A criação de um ambiente de trabalho tranqüilo, e a criação de serviços de saúde acolhedores para a nossa clientela são primordiais, bem como a aproximação da Coordenação Geral dos colaboradores e da população. Sem essas iniciativas a melhoria dos serviços prestados aos usuários não ocorre. Mas o maior desafio é sem dúvida a implantação de medidas estruturantes para a saúde da cidade, como a inversão do modelo assistencial baseado na assistência hospitalar para àquele focado na atenção primária, e o planejamento das ações em saúde a médio e longo prazo para uma cidade que cresce vertiginosamente e que cada vez mais exige serviços de saúde em quantidade e com qualidade.

JS-    O senhor pensa em dar continuidade nos projetos da antiga gestão? O que a população pode esperar?

Todas as iniciativas em andamento, como a instalação do Complexo da Saúde (Clínica da Família, UPA e Centro de Atenção Psico-Social) em Sobradinho II, reforma de unidades básicas de saúde e de setores do hospital, como o pronto-socorro de pediatria e a enfermaria de clínica médica serão continuadas. A população pode esperar uma Coordenação vibrante, integrada aos anseios da comunidade e profundamente envolvida na melhoria dos serviços de saúde oferecidos em nossa cidade. Não podemos esquecer a vocação histórica do Hospital Regional como centro de formação de profissionais na área de saúde que será sempre incentivada e valorizada.

JS-    Haverá algum enfoque principal de gestão e ou preferência de trabalho?

Valorização da atenção primária, com aumento de cobertura da população assistida pela Estratégia de Saúde da Família é uma meta a ser cumprida. Reestruturação de alguns serviços hospitalares e adequação de espaços no Hospital, para melhoria do atendimento e das condições de trabalho dos servidores também são objetivos a serem conquistados. Enfim, o enfoque será global, buscando evidentemente a melhorias de todos os serviços de saúde ofertados em nossa Regional.

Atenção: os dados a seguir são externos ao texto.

(* For all $n\ge0$, \[ c_n^2=c_n+2\sum_{k=0}^{n-3}\sum_{r=3}^{n-k}p_{r-1}c_k c_{n-k-r}^2 . \]
   Context: The Narayana's cows numbers $c_n$ are defined by $c_n=\delta_{n,0}+c_{n-1}+c_{n-3}$ for $n\ge0$, $c_n=0$ for $n<0$. The Padovan numbers $p_n$ are defined by $p_n=\delta_{n,0}+p_{n-2}+p_{n-3}$ for $n\ge0$, $p_n=0$ for $n<0$. $\delta_{i,j}$ is $1$ if $i=j$ and $0$ otherwise. Empty sums are $0$. *)

theory Defs
  imports Main
begin

text \<open>Narayana's cows numbers: c 0 = 1, c n = c (n-1) + c (n-3), with c of negative index = 0.\<close>
fun cows :: "nat \<Rightarrow> nat" where
  "cows 0 = 1"
| "cows (Suc 0) = 1"
| "cows (Suc (Suc 0)) = 1"
| "cows (Suc (Suc (Suc n))) = cows (Suc (Suc n)) + cows n"

text \<open>Padovan numbers: p 0 = 1, p n = p (n-2) + p (n-3), with p of negative index = 0.\<close>
fun padovan :: "nat \<Rightarrow> nat" where
  "padovan 0 = 1"
| "padovan (Suc 0) = 0"
| "padovan (Suc (Suc 0)) = 1"
| "padovan (Suc (Suc (Suc n))) = padovan (Suc n) + padovan n"

end

theory Submission
  imports Defs "HOL-Computational_Algebra.Formal_Power_Series"
begin

text \<open>With \<open>A = 1 - x - x\<^sup>3\<close> and \<open>B = 1 - x\<^sup>2 - x\<^sup>3\<close>, the generating functions of the
  cows and Padovan numbers are \<open>C = 1/A\<close> and \<open>P = 1/B\<close>. The squares \<open>c\<^sub>n\<^sup>2\<close> satisfy a linear
  recurrence of order six, whose generating function is \<open>D = B / (A B - 2 x\<^sup>3 - 2 x\<^sup>4)\<close>.
  A ring calculation then gives \<open>D - C = 2 C D x (P - 1)\<close>, and comparing the coefficients of
  \<open>x\<^sup>n\<close> on both sides is the identity.\<close>

definition fps_cows :: "int fps" where
  "fps_cows = Abs_fps (\<lambda>n. int (cows n))"

definition fps_padovan :: "int fps" where
  "fps_padovan = Abs_fps (\<lambda>n. int (padovan n))"

definition fps_cows_sq :: "int fps" where
  "fps_cows_sq = Abs_fps (\<lambda>n. int (cows n)^2)"

lemma cows_add_3: "cows (n + 3) = cows (n + 2) + cows n"
  by (simp add: numeral_eq_Suc)

lemma cows_sq_recurrence:
  "int (cows (n + 6))^2 = int (cows (n + 5))^2 + int (cows (n + 4))^2 + 3 * int (cows (n + 3))^2
    + int (cows (n + 2))^2 - int (cows (n + 1))^2 - int (cows n)^2"
  using cows_add_3[of n] cows_add_3[of "n + 1"] cows_add_3[of "n + 2"] cows_add_3[of "n + 3"]
  by (simp add: algebra_simps power2_eq_square)

lemma fps_cows_times_denom: "fps_cows * (1 - fps_X - fps_X^3) = 1"
proof (rule fps_ext)
  fix n
  show "fps_nth (fps_cows * (1 - fps_X - fps_X^3)) n = fps_nth 1 n"
    by (cases n rule: cows.cases) (auto simp: fps_cows_def algebra_simps fps_X_power_mult_right_nth)
qed

lemma fps_padovan_times_denom: "fps_padovan * (1 - fps_X^2 - fps_X^3) = 1"
proof (rule fps_ext)
  fix n
  show "fps_nth (fps_padovan * (1 - fps_X^2 - fps_X^3)) n = fps_nth 1 n"
    by (cases n rule: padovan.cases)
      (auto simp: fps_padovan_def algebra_simps fps_X_power_mult_right_nth numeral_eq_Suc)
qed

lemma fps_cows_sq_times_denom:
  "fps_cows_sq * ((1 - fps_X - fps_X^3) * (1 - fps_X^2 - fps_X^3) - 2 * fps_X^3 - 2 * fps_X^4)
    = 1 - fps_X^2 - fps_X^3"
proof -
  have "fps_cows_sq * (1 - fps_X - fps_X^2 - 3 * fps_X^3 - fps_X^4 + fps_X^5 + fps_X^6)
    = 1 - fps_X^2 - fps_X^3"
  proof (rule fps_ext)
    fix n
    show "fps_nth (fps_cows_sq * (1 - fps_X - fps_X^2 - 3 * fps_X^3 - fps_X^4 + fps_X^5 + fps_X^6)) n
      = fps_nth (1 - fps_X^2 - fps_X^3) n"
    proof (cases "n < 6")
      case True
      then consider "n = 0" | "n = 1" | "n = 2" | "n = 3" | "n = 4" | "n = 5" by linarith
      then show ?thesis
        by cases (simp_all add: fps_cows_sq_def algebra_simps fps_X_power_mult_nth
            numeral_fps_const eval_nat_numeral)
    next
      case False
      then obtain m where "n = m + 6" using le_Suc_ex not_less by (metis add.commute)
      then show ?thesis
        using cows_sq_recurrence[of m]
        by (simp add: fps_cows_sq_def algebra_simps fps_X_power_mult_nth numeral_fps_const)
    qed
  qed
  then show ?thesis
    by (simp add: algebra_simps power_numeral_reduce)
qed

lemma fps_cows_sq_minus_fps_cows:
  "fps_cows_sq - fps_cows = 2 * fps_cows * (fps_X * (fps_padovan - 1)) * fps_cows_sq"
proof -
  let ?C = fps_cows and ?P = fps_padovan and ?D = fps_cows_sq and ?X = "fps_X :: int fps"
  define A where "A = 1 - ?X - ?X^3"
  define B where "B = 1 - ?X^2 - ?X^3"
  have C: "?C * A = 1" and P: "?P * B = 1" and D: "?D * (A * B - 2 * ?X^3 - 2 * ?X^4) = B"
    using fps_cows_times_denom fps_padovan_times_denom fps_cows_sq_times_denom
    by (simp_all add: A_def B_def)
  have "?D - ?C = ?D * (?C * A) - ?C * (?P * B)"
    using C P by simp
  also have "\<dots> = ?D * ?C * A - ?C * ?P * (?D * (A * B - 2 * ?X^3 - 2 * ?X^4))"
    using D by (simp add: mult.assoc)
  also have "\<dots> = ?C * ?D * (A * (1 - ?P * B) + 2 * ?P * (?X^3 + ?X^4))"
    by (simp add: algebra_simps)
  also have "\<dots> = 2 * ?C * ?D * ?X * (?P * (1 - B))"
    using P by (simp add: B_def algebra_simps power_numeral_reduce)
  also have "\<dots> = 2 * ?C * (?X * (?P - 1)) * ?D"
    using P by (simp add: algebra_simps)
  finally show ?thesis .
qed

lemma fps_X_times_padovan_minus_1_nth:
  "fps_nth (fps_X * (fps_padovan - 1)) r = (if 3 \<le> r then int (padovan (r - 1)) else 0)"
  by (cases r rule: padovan.cases) (simp_all add: fps_padovan_def)

lemma fps_cows_padovan_cows_sq_nth:
  "fps_nth (fps_cows * (fps_X * (fps_padovan - 1)) * fps_cows_sq) n
    = (\<Sum>k \<in> {k. k + 3 \<le> n}. \<Sum>r = 3..n - k.
         int (padovan (r - 1)) * int (cows k) * int (cows (n - k - r))^2)"
proof -
  have "fps_nth (fps_cows * (fps_X * (fps_padovan - 1)) * fps_cows_sq) n
      = (\<Sum>k = 0..n. \<Sum>r = 0..n - k. int (cows k) *
           ((if 3 \<le> r then int (padovan (r - 1)) else 0) * int (cows (n - k - r))^2))"
    unfolding mult.assoc[of fps_cows] fps_mult_nth[of fps_cows] fps_mult_nth[of "fps_X * (fps_padovan - 1)"]
      fps_X_times_padovan_minus_1_nth
    by (simp add: fps_cows_def fps_cows_sq_def sum_distrib_left)
  also have "\<dots> = (\<Sum>k = 0..n. \<Sum>r = 3..n - k.
         int (padovan (r - 1)) * int (cows k) * int (cows (n - k - r))^2)"
    by (intro sum.cong refl sum.mono_neutral_cong_right) auto
  also have "\<dots> = (\<Sum>k \<in> {k. k + 3 \<le> n}. \<Sum>r = 3..n - k.
         int (padovan (r - 1)) * int (cows k) * int (cows (n - k - r))^2)"
    by (rule sum.mono_neutral_right) (auto intro!: sum.neutral)
  finally show ?thesis .
qed

theorem mainTheorem16:
  fixes n :: nat
  shows "(cows n)^2 = cows n + 2 * (\<Sum>k \<in> {k. k + 3 \<le> n}. \<Sum>r = 3..n - k.
           padovan (r - 1) * cows k * (cows (n - k - r))^2)"
proof -
  have "fps_nth (fps_cows_sq - fps_cows) n
      = 2 * fps_nth (fps_cows * (fps_X * (fps_padovan - 1)) * fps_cows_sq) n"
    unfolding fps_cows_sq_minus_fps_cows by (simp add: mult.assoc numeral_fps_const)
  then have "int (cows n)^2 - int (cows n) = 2 * (\<Sum>k \<in> {k. k + 3 \<le> n}. \<Sum>r = 3..n - k.
           int (padovan (r - 1)) * int (cows k) * int (cows (n - k - r))^2)"
    by (simp only: fps_cows_padovan_cows_sq_nth fps_sub_nth) (simp add: fps_cows_def fps_cows_sq_def)
  then have "int ((cows n)^2) = int (cows n + 2 * (\<Sum>k \<in> {k. k + 3 \<le> n}. \<Sum>r = 3..n - k.
           padovan (r - 1) * cows k * (cows (n - k - r))^2))"
    by simp
  then show ?thesis
    by (simp only: of_nat_eq_iff)
qed

end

JS-    Hoje, para o senhor, qual a maior necessidade da Regional de Sobradinho?



Sem dúvida a adequação das ações de saúde para melhor distribuição e atenção à saúde da população assistida na Regional, bem como a reestruturação da nossa unidade hospitalar frente à demanda crescente de nossa clientela, que pela qualidade dos serviços prestados não ser restringe apenas a população da cidade, mas sim de toda a região norte do Distrito Federal e entorno.